Адепты с ужасом взирали с неба на воцарившийся внизу хаос, застыв от непонимания, что им следует делать. Коварство врага было очевидным, как и его цель. Если они ударят по мерзостям сверху, то перебьют своих, а если спустятся на землю, чтобы разить врагов напрямую, – расстанутся с собственными жизнями, ибо сотни тварей несли хоры. Очевидная цель этой засады заключалась в том, чтобы нанести воинству как можно большие потери, причинить Великой Ордалии максимальный ущерб ещё на пороге Голготтерата. А затем Анасуримбор Серва, то ли поддавшись женскому страху, то ли почуяв какую-то иную угрозу, приказала Школам отступать…
Те, кто имел возможность взглянуть вверх, увидели, как гранд-дама, облачённая в измазанные сажей и лиловой кровью одеяния, повела своих свайяли обратно к полю Угорриор. И, при всей их стойкости, мужей Ордалии охватила паника.
Казалось, за одно-единственное биение сердца Насуеретская и Селиальская Колонны, как и Колонна Кругораспятия, практически прекратили существование.
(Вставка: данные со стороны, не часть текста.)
section \<open>Forms and powers of the sum of the variables\<close>

lemma monomials_add:
  "u \<in> monomials n a \<Longrightarrow> v \<in> monomials n b \<Longrightarrow> u + v \<in> monomials n (a + b)"
  unfolding monomials_def using keys_add[of u v] by (auto simp: lookup_add sum.distrib)

lemma lookup_le_degree: "w \<in> monomials n a \<Longrightarrow> i < n \<Longrightarrow> Poly_Mapping.lookup w i \<le> a"
  unfolding monomials_def using member_le_sum[of i "{..<n}" "Poly_Mapping.lookup w"] by auto

lemma is_form_mult: "is_form n a p \<Longrightarrow> is_form n b q \<Longrightarrow> is_form n (a + b) (p * q)"
  unfolding is_form_def using keys_mult[of p q] monomials_add by blast

lemma is_form_power: "is_form n a p \<Longrightarrow> is_form n (a * k) (p ^ k)"
proof (induction k)
  case 0
  have "0 \<in> monomials n 0" by (simp add: monomials_def)
  then show ?case by (simp add: is_form_def)
next
  case (Suc k)
  then show ?case using is_form_mult[of n a p "a * k" "p ^ k"] by (simp add: add.commute)
qed

lemma is_form_sum: "(\<And>i. i \<in> A \<Longrightarrow> is_form n a (f i)) \<Longrightarrow> is_form n a (sum f A)"
  unfolding is_form_def using keys_sum[of f A] by blast
(* Let $b\ge2$, $k\in\mathbb{N}$, let $A$ be a nonempty subset of $\{0,1,\ldots,k\}$, and let $f\in\mathcal{M}^b$ have set-array representation $(A,\emptyset,\ldots,\emptyset)$. Then $d(f)\le d([k]_b)$, and the inequality is strict for $f\neq[k]_b$.
   Context: $\mathbb{N}=\{0,1,\ldots\}$, $[k]=\{0,\ldots,k\}$. $\mathcal{M}^b$ is the set of finitely supported functions $f:\mathbb{N}\to\{0,\ldots,b\}$ (finite multisets with multiplicities at most $b$); its set-array representation is $(A_1,\ldots,A_b)$ with $A_i=\{a:f(a)\ge i\}$. Multiset addition is coordinatewise on set arrays: $(A_i)_i+(B_i)_i=(A_i+B_i)_i$ with $S+T=\{s+t:s\in S,t\in T\}$ and $S+\emptyset=\emptyset$. $g$ is a divisor of $f$ if $f=g+h$ for some $h\in\mathcal{M}^b$; $d(f)$ is the number of divisors of $f$. $[k]_b$ is the multiset with set-array representation $([k],\emptyset,\ldots,\emptyset)$. *)

theory Defs
  imports Main
begin

definition Mb :: "nat \<Rightarrow> (nat \<Rightarrow> nat) set" where
  "Mb b = {f. finite {a. f a \<noteq> 0} \<and> (\<forall>a. f a \<le> b)}"

text \<open>i-th component of the set-array representation (meaningful for 1 <= i <= b).\<close>
definition setarr :: "(nat \<Rightarrow> nat) \<Rightarrow> nat \<Rightarrow> nat set" where
  "setarr f i = {a. f a \<ge> i}"
lemma thue_morse_prod_eq_1_if_shift_invariant:
  fixes y :: "'a \<Rightarrow> int"
  assumes "finite I" "\<And>i. i \<in> I \<Longrightarrow> 0 \<le> y i"
    and "\<And>z. 0 \<le> z \<Longrightarrow> (\<Prod>i\<in>I. thue_morse (y i + z)) = (\<Prod>i\<in>I. thue_morse (y i))"
  shows "(\<Prod>i\<in>I. thue_morse (y i)) = 1"
  using assms
proof (induction "card I" arbitrary: I rule: less_induct)
  case less
  show ?case
  proof (cases "inj_on y I")
    case True
    show ?thesis
    proof (cases "I = {}")
      case False
      then obtain z z' where "0 \<le> z" "0 \<le> z'"
        "(\<Prod>i\<in>I. thue_morse (y i + z')) = - (\<Prod>i\<in>I. thue_morse (y i + z))"
        using thue_morse_prod_opposite_shifts[OF less.prems(1) _ True less.prems(2)] by blast
      then have "(\<Prod>i\<in>I. thue_morse (y i)) = - (\<Prod>i\<in>I. thue_morse (y i))"
        using less.prems(3) by simp
      then have "\<bar>\<Prod>i\<in>I. thue_morse (y i)\<bar> = 0" by simp
      then show ?thesis by simp
    qed simp
  next
    case False
    then obtain i j where ij: "i \<in> I" "j \<in> I" "i \<noteq> j" "y i = y j"
      unfolding inj_on_def by blast
    define I' where "I' = I - {i} - {j}"
    have drop_pair: "(\<Prod>k\<in>I. thue_morse (y k + z)) = (\<Prod>k\<in>I'. thue_morse (y k + z))" for z
    proof -
      have "(\<Prod>k\<in>I. thue_morse (y k + z)) = thue_morse (y i + z) * (\<Prod>k\<in>I - {i}. thue_morse (y k + z))"
        using less.prems(1) ij by (simp add: prod.remove)
      also have "(\<Prod>k\<in>I - {i}. thue_morse (y k + z)) = thue_morse (y j + z) * (\<Prod>k\<in>I'. thue_morse (y k + z))"
        using less.prems(1) ij unfolding I'_def by (intro prod.remove) auto
      finally show ?thesis using ij(4) by (simp add: mult.assoc [symmetric])
    qed
    have "card I' < card I"
      using less.prems(1) ij card_gt_0_iff[of I] unfolding I'_def by (auto simp: card_Diff_singleton_if)
    then have "(\<Prod>k\<in>I'. thue_morse (y k)) = 1"
      using less.hyps[of I'] less.prems drop_pair[of 0] drop_pair unfolding I'_def by auto
    then show ?thesis using drop_pair[of 0] by simp
  qed
qed

lemma prod_Pow_insert:
  assumes "finite A" "x \<notin> A"
  shows "(\<Prod>w\<in>Pow (insert x A). g w) = (\<Prod>w\<in>Pow A. g w) * (\<Prod>w\<in>Pow A. g (insert x w))"
proof -
  have "inj_on (insert x) (Pow A)"
    using assms(2) by (intro inj_onI) (metis PowD insert_ident subsetD)
  moreover have "Pow A \<inter> insert x ` Pow A = {}" using assms(2) by auto
  ultimately show ?thesis
    using assms(1) by (simp add: Pow_insert prod.union_disjoint prod.reindex)
qed

lemma thue_morse_cube_witness:
  "\<exists>m. (\<forall>i. 0 \<le> m i) \<and> (\<Prod>w\<in>Pow {0..<Suc s}. thue_morse (\<Sum>i\<in>w. m i)) = -1"
proof (induction s)
  case 0
  have "Pow {0..<Suc 0} = {{}, {0}}" by (auto simp: Pow_def)
  then show ?case by (intro exI[of _ "\<lambda>_. 1"]) simp
next
  case (Suc s)
  then obtain m where m: "\<forall>i. 0 \<le> m i" "(\<Prod>w\<in>Pow {0..<Suc s}. thue_morse (\<Sum>i\<in>w. m i)) = -1"
    by blast
  have nonneg: "0 \<le> (\<Sum>i\<in>w. m i)" for w by (simp add: m(1) sum_nonneg)
  \<comment> \<open>the cube product is not shift invariant, so some shift turns it into 1\<close>
  obtain z where z: "0 \<le> z" "(\<Prod>w\<in>Pow {0..<Suc s}. thue_morse ((\<Sum>i\<in>w. m i) + z)) \<noteq> -1"
    using thue_morse_prod_eq_1_if_shift_invariant[of "Pow {0..<Suc s}" "\<lambda>w. \<Sum>i\<in>w. m i"] m(2) nonneg
    by force
  then have z_one: "(\<Prod>w\<in>Pow {0..<Suc s}. thue_morse ((\<Sum>i\<in>w. m i) + z)) = 1"
    using abs_prod_thue_morse[of "\<lambda>w. (\<Sum>i\<in>w. m i) + z" "Pow {0..<Suc s}"]
    by (auto simp: abs_if split: if_splits)
  define m' where "m' = m(Suc s := z)"
  have old: "(\<Sum>i\<in>w. m' i) = (\<Sum>i\<in>w. m i)" if "w \<in> Pow {0..<Suc s}" for w
    using that unfolding m'_def by (intro sum.cong) auto
  have new: "(\<Sum>i\<in>insert (Suc s) w. m' i) = (\<Sum>i\<in>w. m i) + z" if "w \<in> Pow {0..<Suc s}" for w
  proof -
    have "finite w" "Suc s \<notin> w" using that finite_subset[of w "{0..<Suc s}"] by auto
    then show ?thesis using old[OF that] by (simp add: m'_def)
  qed
  have "(\<Prod>w\<in>Pow {0..<Suc (Suc s)}. thue_morse (\<Sum>i\<in>w. m' i))
      = (\<Prod>w\<in>Pow {0..<Suc s}. thue_morse (\<Sum>i\<in>w. m' i))
        * (\<Prod>w\<in>Pow {0..<Suc s}. thue_morse (\<Sum>i\<in>insert (Suc s) w. m' i))"
    using prod_Pow_insert[of "{0..<Suc s}" "Suc s"] by (simp add: atLeast0_lessThan_Suc)
  also have "\<dots> = (\<Prod>w\<in>Pow {0..<Suc s}. thue_morse (\<Sum>i\<in>w. m i))
        * (\<Prod>w\<in>Pow {0..<Suc s}. thue_morse ((\<Sum>i\<in>w. m i) + z))"
    using old new by (intro arg_cong2[where f = "(*)"] prod.cong) auto
  also have "\<dots> = -1"
    using m(2) z_one by simp
  finally show ?case
    using m(1) z(1) by (intro exI[of _ m']) (simp add: m'_def)
qed

text \<open>Cube configurations whose vertices \<open>\<omega>\<close> carry individual shifts \<open>r \<omega>\<close> (the paper's
  \<open>A(L, r)\<close> up to normalisation); \<^const>\<open>cube_configs\<close> is the case \<open>r = 0\<close>.\<close>

definition shifted_cube_configs :: "nat \<Rightarrow> nat \<Rightarrow> (nat set \<Rightarrow> int) \<Rightarrow> (int \<times> (nat \<Rightarrow> int)) set" where
  "shifted_cube_configs s M r = {(n, h). h \<in> {0..<s} \<rightarrow>\<^sub>E (UNIV :: int set) \<and>
      (\<forall>w \<in> Pow {0..<s}. n + (\<Sum>i\<in>w. h i) + r w \<in> {0..<2 ^ M})}"

definition shifted_cube_sum :: "nat \<Rightarrow> nat \<Rightarrow> (nat set \<Rightarrow> int) \<Rightarrow> real" where
  "shifted_cube_sum s M r = (\<Sum>(n, h)\<in>shifted_cube_configs s M r.
       \<Prod>w\<in>Pow {0..<s}. thue_morse (n + (\<Sum>i\<in>w. h i) + r w))"

lemma cube_configs_eq_shifted: "cube_configs s L = shifted_cube_configs s L (\<lambda>_. 0)"
  by (simp add: cube_configs_def shifted_cube_configs_def)

lemma gowers_A_eq_shifted_cube_sum:
  "gowers_A s L = shifted_cube_sum s L (\<lambda>_. 0) / real (card (shifted_cube_configs s L (\<lambda>_. 0)))"
  by (simp add: gowers_A_def shifted_cube_sum_def cube_configs_eq_shifted)

lemma shifted_cube_sum_cong:
  assumes "\<And>w. w \<subseteq> {0..<s} \<Longrightarrow> r w = r' w"
  shows "shifted_cube_sum s M r = shifted_cube_sum s M r'"
proof -
  have "shifted_cube_configs s M r = shifted_cube_configs s M r'"
    using assms by (auto simp: shifted_cube_configs_def)
  then show ?thesis
    unfolding shifted_cube_sum_def using assms by (intro sum.cong refl) (auto intro!: prod.cong)
qed

definition digit_box :: "nat \<Rightarrow> int \<Rightarrow> (int \<times> (nat \<Rightarrow> int)) set" where
  "digit_box s B = {0..<B} \<times> ({0..<s} \<rightarrow>\<^sub>E {0..<B})"

lemma finite_digit_box [simp]: "finite (digit_box s B)"
  by (simp add: digit_box_def finite_PiE)

lemma card_digit_box: "card (digit_box s B) = nat B ^ Suc s"
  by (simp add: digit_box_def card_cartesian_product card_PiE)

lemma shifted_cube_configs_corner_embedding:
  fixes s M :: nat and r :: "nat set \<Rightarrow> int"
  defines "corners \<equiv> \<lambda>(n, h). (n + r {}, \<lambda>i\<in>{0..<s}. n + h i + r {i})"
  shows "inj_on corners (shifted_cube_configs s M r)"
    and "corners ` shifted_cube_configs s M r \<subseteq> digit_box s (2 ^ M)"
proof -
  show "inj_on corners (shifted_cube_configs s M r)"
  proof (rule inj_onI, clarify)
    fix n h n' h'
    assume "(n, h) \<in> shifted_cube_configs s M r" "(n', h') \<in> shifted_cube_configs s M r"
      and eq: "corners (n, h) = corners (n', h')"
    then have h: "h \<in> {0..<s} \<rightarrow>\<^sub>E UNIV" "h' \<in> {0..<s} \<rightarrow>\<^sub>E UNIV"
      by (auto simp: shifted_cube_configs_def)
    have "n = n'" "\<And>i. i < s \<Longrightarrow> h i = h' i"
      using eq by (auto simp: corners_def fun_eq_iff split: if_splits)
    moreover have "h = h'"
      using PiE_ext[OF h] calculation(2) by simp
    ultimately show "n = n' \<and> h = h'" by simp
  qed
  show "corners ` shifted_cube_configs s M r \<subseteq> digit_box s (2 ^ M)"
  proof (rule image_subsetI)
    fix x assume x_in: "x \<in> shifted_cube_configs s M r"
    show "corners x \<in> digit_box s (2 ^ M)"
    proof (cases x)
      case (Pair n h)
      have range: "n + (\<Sum>i\<in>w. h i) + r w \<in> {0..<2 ^ M}" if "w \<subseteq> {0..<s}" for w
        using x_in that by (simp add: Pair shifted_cube_configs_def)
      have "n + r {} \<in> {0..<2 ^ M}" using range[of "{}"] by simp
      moreover have "n + h i + r {i} \<in> {0..<2 ^ M}" if "i < s" for i
        using range[of "{i}"] that by simp
      ultimately show ?thesis
        by (auto simp: Pair corners_def digit_box_def)
    qed
  qed
qed

lemma finite_shifted_cube_configs [simp]: "finite (shifted_cube_configs s M r)"
proof -
  note embedding = shifted_cube_configs_corner_embedding[where s = s and M = M and r = r]
  show ?thesis
    by (rule finite_imageD[OF finite_subset[OF embedding(2) finite_digit_box] embedding(1)])
qed

lemma card_shifted_cube_configs_le: "card (shifted_cube_configs s M r) \<le> 2 ^ (Suc s * M)"
proof -
  note embedding = shifted_cube_configs_corner_embedding[where s = s and M = M and r = r]
  have "card (shifted_cube_configs s M r) \<le> card (digit_box s (2 ^ M))"
    using card_mono[OF finite_digit_box embedding(2)] by (simp add: card_image[OF embedding(1)])
  then show ?thesis
    by (simp add: card_digit_box nat_power_eq flip: power_mult) (simp add: mult.commute power_add)
qed

lemma abs_shifted_cube_sum_le_card: "\<bar>shifted_cube_sum s M r\<bar> \<le> card (shifted_cube_configs s M r)"
proof -
  have "\<bar>shifted_cube_sum s M r\<bar>
      \<le> (\<Sum>(n, h)\<in>shifted_cube_configs s M r. \<bar>\<Prod>w\<in>Pow {0..<s}. thue_morse (n + (\<Sum>i\<in>w. h i) + r w)\<bar>)"
    unfolding shifted_cube_sum_def case_prod_beta by (rule sum_abs)
  then show ?thesis by (simp add: case_prod_beta)
qed

lemma abs_shifted_cube_sum_le: "\<bar>shifted_cube_sum s M r\<bar> \<le> 2 ^ (Suc s * M)"
proof -
  have "real (card (shifted_cube_configs s M r)) \<le> 2 ^ (Suc s * M)"
    using card_shifted_cube_configs_le[of s M r] by simp
  then show ?thesis using abs_shifted_cube_sum_le_card[of s M r] by linarith
qed

definition digit_sign :: "nat \<Rightarrow> int \<Rightarrow> (nat set \<Rightarrow> int) \<Rightarrow> int \<Rightarrow> (nat \<Rightarrow> int) \<Rightarrow> real" where
  "digit_sign s B r c d = (\<Prod>w\<in>Pow {0..<s}. thue_morse ((c + (\<Sum>i\<in>w. d i) + r w) mod B))"

definition carry :: "int \<Rightarrow> (nat set \<Rightarrow> int) \<Rightarrow> int \<Rightarrow> (nat \<Rightarrow> int) \<Rightarrow> nat set \<Rightarrow> int" where
  "carry B r c d w = (c + (\<Sum>i\<in>w. d i) + r w) div B"

lemma abs_digit_sign [simp]: "\<bar>digit_sign s B r c d\<bar> = 1"
  by (simp add: digit_sign_def abs_prod)

lemma mult_add_mod_eq_carry:
  "B * n + c + (\<Sum>i\<in>w. B * h i + d i) + r w
     = B * (n + (\<Sum>i\<in>w. h i) + carry B r c d w) + (c + (\<Sum>i\<in>w. d i) + r w) mod B"
proof -
  have "B * n + c + (\<Sum>i\<in>w. B * h i + d i) + r w = B * (n + (\<Sum>i\<in>w. h i)) + (c + (\<Sum>i\<in>w. d i) + r w)"
    by (simp add: sum.distrib sum_distrib_left algebra_simps)
  then show ?thesis
    unfolding carry_def by (metis (no_types) add.assoc distrib_left mult_div_mod_eq)
qed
Священные нансурские штандарты с легендарными нагрудниками Куксофуса II, последнего из древних киранейских верховных королей, рухнули в пыль. Тарпеллас, стоявший на груде обломков у тыльной стороны Гвергиру, был разрублен от плеча до пояса. Смерть закружилась вихрем. Маранджехои, гранд Пиларма, спутник князя Инрилила, потерял правую руку, отрубленную по самое плечо ударом столь стремительным, что после отсечения конечности гранд какое-то время ещё стоял, а затем просто опрокинулся на спину и, упав на трупы своих родичей, лежал, неотрывно взирая на вцепившуюся в небеса необъятность Рогов – до тех самых пор, пока не сделался неспособным более ни на что.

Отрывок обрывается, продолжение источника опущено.